4 В основу исследования положена теория политического процесса, разработанная Ч. Тилли, Д. Макадамом и С. Тарроу, в рамках которой мобилизация рассматривается как интенсификация взаимодействий между субъектами и объектами предъявления требований [MacAdam et al., 2003; Tarrow, 2011]. Мобилизация может принимать разные формы – от локализованных публичных проявлений недовольства до широких коалиций. Однако репертуар, адресат, масштаб и контекст являются ключевыми составляющими любых ее форм. Низовая городская мобилизация зарождается вне существующих организаций и имеет целью преобразование городской среды в широком смысле (ее материальных и нематериальных аспектов). В первой части статьи данная концептуализация рассматривается в контексте городских конфликтов и городского активизма в России. Далее демонстрируются устойчивые сочетания характеристик низовой городской мобилизации в 2012–2014 гг. В заключении обсуждается разнообразие форм городского активизма и исследовательская повестка для будущего.
5

Активизм, социальные движения и низовая городская мобилизация.

6 Низовую городскую мобилизацию можно определить как коллективные действия в публичном пространстве, организованные частными лицами и инициативными группами граждан и направленные на решение проблем, связанных с устройством городской среды. Низовой характер предполагает, по крайней мере на первоначальном этапе, что у мобилизации не было организационного спонсора. Коллективные действия так или иначе связаны с деятельностью институционализированных акторов – партий, профсоюзов, ассоциаций, – однако низовой характер определяется коллективными усилиями граждан за пределами существующих организаций. На городской характер поднимаемых вопросов указывает связь с управлением и развитием городской территории, материальной и нематериальной инфраструктурой города. В список таких вопросов входят снос гаражей, строительство торговых центров, развязок и дорог и т.д., уничтожение рекреационных зон и архитектурного облика города, действия муниципальных властей в сфере образования и медицины, регулирование тарифов ЖКХ, распределение земли и муниципальной собственности.

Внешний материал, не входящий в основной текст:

definition euler_step_pmf :: "nat \<Rightarrow> nat \<Rightarrow> nat pmf" where
  "euler_step_pmf k v =
     map_pmf (\<lambda>b. if b then Suc v else v) (bernoulli_pmf ((real k + 1 - real v) / (real k + 2)))"

lemma set_euler_step_pmf: "set_pmf (euler_step_pmf k v) \<subseteq> {v, Suc v}"
  unfolding euler_step_pmf_def by auto

lemma pmf_euler_step_pmf:
  assumes "v \<le> Suc k"
  shows "pmf (euler_step_pmf k v) w = euler_step k v w"
proof -
  define p where "p = (real k + 1 - real v) / (real k + 2)"
  have p: "0 \<le> p" "p \<le> 1"
    using assms by (auto simp: p_def field_simps)
  have "pmf (euler_step_pmf k v) w = measure (bernoulli_pmf p) {b. (if b then Suc v else v) = w}"
    by (simp add: euler_step_pmf_def pmf_map p_def vimage_def)
  also have "\<dots> = euler_step k v w"
  proof -
    consider "w = v" | "w = Suc v" | "w \<noteq> v" "w \<noteq> Suc v" by blast
    then show ?thesis
    proof cases
      case 1
      then have "{b. (if b then Suc v else v) = w} = {False}" by auto
      then show ?thesis using p 1 by (simp add: measure_pmf_single euler_step_def p_def field_simps)
    next
      case 2
      then have "{b. (if b then Suc v else v) = w} = {True}" by auto
      then show ?thesis using p 2 by (simp add: measure_pmf_single euler_step_def p_def)
    next
      case 3
      then have "{b. (if b then Suc v else v) = w} = {}" by auto
      then show ?thesis using 3 by (simp add: euler_step_def)
    qed
  qed
  finally show ?thesis .
qed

Наконец, мобилизация представляет собой коллективные действия в защиту интересов граждан, которые зачастую приобретают форму протеста, но не сводятся к ней: «социальный протест – одна из форм мобилизации» [Яницкий, 2012: 4]. Мобилизация предполагает координацию, общие требования и публичный формат взаимодействия с адресатом; помимо уличных акций она может сопровождаться судебными исками, петициями, открытыми обращениями в СМИ и т. д.

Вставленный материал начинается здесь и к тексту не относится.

lemma inversion_number_shift:
  assumes n: "n \<ge> 2" and w: "periodic_inj n w"
  shows "inversion_number n (\<lambda>i. w (i + 1)) = inversion_number n w"
proof -
  define N where "N = int n"
  define f where "f = (\<lambda>(i, j). pair_inversions n (w j - w i))"
  define \<sigma> where "\<sigma> = (\<lambda>(i, j). if j = N then (1, i + 1) else (i + 1, j + 1))"
  define \<rho> where "\<rho> = (\<lambda>(a, b). if a = 1 then (b - 1, N) else (a - 1, b - 1))"
  have wrap: "pair_inversions n (w (N + 1) - w (i + 1)) = pair_inversions n (w (i + 1) - w 1)"
    if "1 \<le> i" "i < N" for i
  proof -
    have "w (N + 1) = w 1 + N" using w unfolding periodic_inj_def N_def by (metis add.commute)
    moreover have "\<not> int n dvd (w 1 - w (i + 1))"
      using periodic_inj_window_not_dvd[OF w, of "i + 1" 1] that unfolding N_def by auto
    ultimately show ?thesis
      using pair_inversions_add_period[of n "w 1 - w (i + 1)"] n unfolding N_def
      by (simp add: algebra_simps)
  qed
  have "inversion_number n (\<lambda>i. w (i + 1)) = (\<Sum>p\<in>window_pairs N. f (\<sigma> p))"
    unfolding inversion_number_def N_def[symmetric]
    by (rule sum.cong) (auto simp: f_def \<sigma>_def window_pairs_def wrap)
  also have "\<dots> = sum f (window_pairs N)"
    by (rule sum.reindex_bij_witness[where i = \<rho> and j = \<sigma>])
       (auto simp: \<sigma>_def \<rho>_def window_pairs_def split: if_splits)
  finally show ?thesis unfolding inversion_number_def N_def f_def .
qed

lemma inversion_number_comp_affine_gen:
  assumes n: "n \<ge> 2" and w: "periodic_inj n w" and k: "k < n"
  shows "inversion_number n (w \<circ> affine_gen n k)
    = inversion_number n w + (if w (int k + 1) < w (int k) then -1 else 1)"
proof (cases "k = 0")
  case False
  then show ?thesis using inversion_number_comp_affine_gen_window[OF n w _ k] by simp
next
  case True
  define v where "v = (\<lambda>i. w (i + 1))"
  have v: "periodic_inj n v" unfolding v_def by (rule periodic_inj_shift[OF w])
  have last: "1 \<le> n - 1" "n - 1 < n" "int (n - 1) = int n - 1" using n by auto
  have "inversion_number n (w \<circ> affine_gen n 0)
      = inversion_number n (\<lambda>i. (w \<circ> affine_gen n 0) (i + 1))"
    using inversion_number_shift[OF n periodic_inj_comp_affine_gen[OF n _ w]] n by simp
  also have "\<dots> = inversion_number n (v \<circ> affine_gen n (n - 1))"
    unfolding v_def comp_affine_gen_zero_shift[OF n] ..
  also have "\<dots> = inversion_number n v + (if v (int (n - 1) + 1) < v (int (n - 1)) then -1 else 1)"
    by (rule inversion_number_comp_affine_gen_window[OF n v last(1,2)])
  also have "inversion_number n v = inversion_number n w"
    unfolding v_def by (rule inversion_number_shift[OF n w])
  finally show ?thesis
    using True periodic_inj_values_around_window[OF w] unfolding v_def last(3) by (simp add: comp_def)
qed

lemma window_sum_comp_affine_gen:
  assumes n: "n \<ge> 2" and w: "periodic_inj n w" and k: "k < n"
  shows "window_sum n (w \<circ> affine_gen n k) = window_sum n w"
proof (cases "k = 0")
  case False
  then show ?thesis using window_sum_comp_affine_gen_window[OF n _ k] by simp
next
  case True
  define v where "v = (\<lambda>i. w (i + 1))"
  have periodic: "\<forall>i. u (i + int n) = u i + int n" if "periodic_inj n u" for u
    using that unfolding periodic_inj_def by blast
  have last: "1 \<le> n - 1" "n - 1 < n" using n by auto
  have "window_sum n (w \<circ> affine_gen n 0) + int n
      = window_sum n (\<lambda>i. (w \<circ> affine_gen n 0) (i + 1))"
    using window_sum_shift[OF _ periodic[OF periodic_inj_comp_affine_gen[OF n _ w]], of 0] n
    by (simp add: comp_def)
  also have "\<dots> = window_sum n (v \<circ> affine_gen n (n - 1))"
    unfolding v_def comp_affine_gen_zero_shift[OF n] ..
  also have "\<dots> = window_sum n v"
    by (rule window_sum_comp_affine_gen_window[OF n last])
  also have "\<dots> = window_sum n w + int n"
    unfolding v_def using window_sum_shift periodic[OF w] n by simp
  finally show ?thesis using True by simp
qed

section \<open>The length equals the inversion number\<close>

lemma inversion_number_gen_word_le:
  assumes "n \<ge> 2" "set ks \<subseteq> {0..<n}"
  shows "inversion_number n (gen_word n ks) \<le> int (length ks)"
  using assms(2)
proof (induct ks rule: rev_induct)
  case Nil
  then show ?case using inversion_number_id by (simp add: gen_word_def id_def)
next
  case (snoc k ks)
  then show ?case
    using inversion_number_comp_affine_gen[OF assms(1) periodic_inj_gen_word[OF assms(1)], of ks k]
    by (simp add: gen_word_snoc del: comp_apply)
qed

lemma adjacent_increasing_add_le:
  fixes f :: "int \<Rightarrow> int"
  assumes "\<And>k. a \<le> k \<Longrightarrow> k < b \<Longrightarrow> f k < f (k + 1)" "a \<le> i" "i \<le> j" "j \<le> b"
  shows "f i + (j - i) \<le> f j"
  using assms(3,4)
proof (induct j rule: int_ge_induct)
  case (step j)
  then have "f i + (j - i) \<le> f j" "f j < f (j + 1)" using assms(1,2) by auto
  then show ?case by linarith
qed simp

lemma inversion_number_eq_0_if_no_descent:
  assumes n: "n \<ge> 2" and w: "periodic_inj n w" and asc: "\<forall>k<n. \<not> w (int k + 1) < w (int k)"
  shows "inversion_number n w = 0"
proof -
  have inc: "w k < w (k + 1)" if "0 \<le> k" "k < int n" for k
  proof -
    have "nat k < n" using that by linarith
    then have "w k \<le> w (k + 1)" using asc that by force
    moreover have "w k \<noteq> w (k + 1)" using w unfolding periodic_inj_def inj_def by force
    ultimately show ?thesis by simp
  qed
  have "pair_inversions n (w j - w i) = 0" if "(i, j) \<in> window_pairs (int n)" for i j
  proof -
    have ij: "1 \<le> i" "i < j" "j \<le> int n" using that by (auto simp: window_pairs_def)
    have "w i + (j - i) \<le> w j" "w 1 + (i - 1) \<le> w i" "w j + (int n - j) \<le> w (int n)"
      using adjacent_increasing_add_le[of 0 "int n" w, OF inc] ij by auto
    moreover have "w 0 < w 1" using inc[of 0] n by simp
    moreover have "w (int n) = w 0 + int n" using periodic_inj_values_around_window[OF w] by simp
    ultimately have "0 \<le> w j - w i \<and> w j - w i < int n" using ij by linarith
    then show ?thesis unfolding pair_inversions_def by simp
  qed
  then show ?thesis unfolding inversion_number_def by (intro sum.neutral) auto
qed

7 Городская мобилизация в России часто рассматривается в контексте «неолиберальной урбанизации» – передача ресурсов городского развития в частные руки и децентрализация политической ответственности [Jacobsson, 2016; Golubchikov, 2004]. Неолиберальная урбанизация ведет к существенным изменениям в материальной среде, регулировании и управлении городскими процессами (например, тарифами ЖКХ или планами застройки), как правило, в интересах влиятельных акторов, в первую очередь – застройщиков. В России экономический рост 2000-х гг. повысил спрос на коммерческую и жилую недвижимость, в результате чего город стал объектом привлечения массивных инвестиций. Коммодификация земли (особенно в центре крупных городов) стала благоприятной почвой для манипуляции с правами собственности на нее и предметом торга между политиками, бюрократами и бизнесом. Такие изменения далеко не всегда соответствовали интересам граждан и городских сообществ [Herfert, Neugebauer, 2013]. В ответ на активное освоение городского пространства альянсом частного бизнеса и публичной власти с середины 2000-х гг. в крупных российских городах стали появляться низовые инициативные группы и их коалиции. Запрос на консолидацию отразился в создании таких движений, как «Комитет защиты москвичей», «Архнадзор» в Москве [Зверев, 2015] и «Живой город» в Санкт-Петербурге [Гладарев, 2012]. Широкую мобилизацию в столицах вызвали проекты строительства небоскреба «Охта-Центр» и федеральной трассы в Химках [Evans, 2012]. Объединения домовладельцев, недовольных жилищной политикой, хоть и ненадолго, но сформировали межрегиональные сети для координации своих усилий [Клеман и др., 2010]. Наконец, в ряде городов альянсы НКО и местных сообществ инициировали участие граждан в стратегическом городском планировании [Халий, 2007]. Случаи широкой мобилизации подробно освещались в СМИ и позволяли исследователям провести полевую работу. В меньшей степени в фокусе внимания оказывались небольшие и локальные по своему характеру городские протесты.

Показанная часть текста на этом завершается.